> **Material shown**:
lemma nn_integral_le_dyadic_sum:
  fixes v :: "'a \<Rightarrow> real" and f :: "'a \<Rightarrow> ennreal" and g :: "real \<Rightarrow> real"
  assumes [measurable]: "v \<in> borel_measurable M" "f \<in> borel_measurable M"
    and "0 < a"
    and support: "\<And>x. x \<in> space M \<Longrightarrow> f x \<noteq> 0 \<Longrightarrow> 0 < v x \<and> v x \<le> a"
    and dominated: "\<And>c. 0 < c \<Longrightarrow> (\<integral>\<^sup>+ x. indicator {x. v x \<le> c} x * f x \<partial>M) \<le> ennreal c"
    and g_pos: "\<And>t. 0 < t \<Longrightarrow> t \<le> a \<Longrightarrow> 0 < g t"
    and g_mono: "mono_on {0<..a} g"
  shows "(\<integral>\<^sup>+ x. f x * ennreal (1 / g (v x)) \<partial>M) \<le> (\<Sum>k. ennreal (a / 2 ^ k / g (a / 2 ^ Suc k)))"
proof -
  define c :: "nat \<Rightarrow> real" where "c k = a / 2 ^ k" for k
  have c_pos: "0 < c k" and c_le: "c k \<le> a" for k
    using \<open>0 < a\<close> by (auto simp: c_def field_simps)
  define h where "h k = 1 / g (c (Suc k))" for k
  have "f x * ennreal (1 / g (v x)) \<le> (\<Sum>k. ennreal (h k) * (indicator {x. v x \<le> c k} x * f x))"
    if x: "x \<in> space M" for x
  proof (cases "f x = 0")
    case False
    with support x have v: "0 < v x" "v x \<le> a" by auto
    then obtain k where k: "c (Suc k) < v x" "v x \<le> c k"
      unfolding c_def by (rule dyadic_bracket)
    have "g (c (Suc k)) \<le> g (v x)"
      using g_mono k v c_pos[of "Suc k"] c_le[of "Suc k"] by (auto simp: mono_on_def)
    then have "1 / g (v x) \<le> h k"
      unfolding h_def using g_pos[of "c (Suc k)"] c_pos[of "Suc k"] c_le[of "Suc k"]
      by (intro divide_left_mono) auto
    then have "f x * ennreal (1 / g (v x)) \<le> ennreal (h k) * (indicator {x. v x \<le> c k} x * f x)"
      using k by (simp add: mult.commute mult_left_mono ennreal_leI)
    also have "\<dots> \<le> (\<Sum>k. ennreal (h k) * (indicator {x. v x \<le> c k} x * f x))"
      using sum_le_suminf[OF summableI, of "{k}"] by simp
    finally show ?thesis .
  qed simp
  then have "(\<integral>\<^sup>+ x. f x * ennreal (1 / g (v x)) \<partial>M)
      \<le> (\<integral>\<^sup>+ x. (\<Sum>k. ennreal (h k) * (indicator {x. v x \<le> c k} x * f x)) \<partial>M)"
    by (rule nn_integral_mono)
  also have "\<dots> = (\<Sum>k. ennreal (h k) * (\<integral>\<^sup>+ x. indicator {x. v x \<le> c k} x * f x \<partial>M))"
    by (simp add: nn_integral_suminf nn_integral_cmult)
  also have "\<dots> \<le> (\<Sum>k. ennreal (h k) * ennreal (c k))"
    by (intro suminf_le summableI mult_left_mono dominated c_pos) auto
  also have "\<dots> = (\<Sum>k. ennreal (a / 2 ^ k / g (a / 2 ^ Suc k)))"
  proof -
    have "ennreal (h k) * ennreal (c k) = ennreal (c k / g (c (Suc k)))" for k
      using g_pos[of "c (Suc k)"] c_pos[of k] c_pos[of "Suc k"] c_le[of "Suc k"]
      by (simp add: h_def ennreal_mult[symmetric])
    then show ?thesis by (simp add: c_def)
  qed
  finally show ?thesis .
qed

> **Assignment**:
Print the records above verbatim from their first line to the line containing "space M \<Longrightarrow>", both included, and stop there.

> **Result of this exercise**:
lemma nn_integral_le_dyadic_sum:
  fixes v :: "'a \<Rightarrow> real" and f :: "'a \<Rightarrow> ennreal" and g :: "real \<Rightarrow> real"
  assumes [measurable]: "v \<in> borel_measurable M" "f \<in> borel_measurable M"
    and "0 < a"
    and support: "\<And>x. x \<in> space M \<Longrightarrow> f x \<noteq> 0 \<Longrightarrow> 0 < v x \<and> v x \<le> a"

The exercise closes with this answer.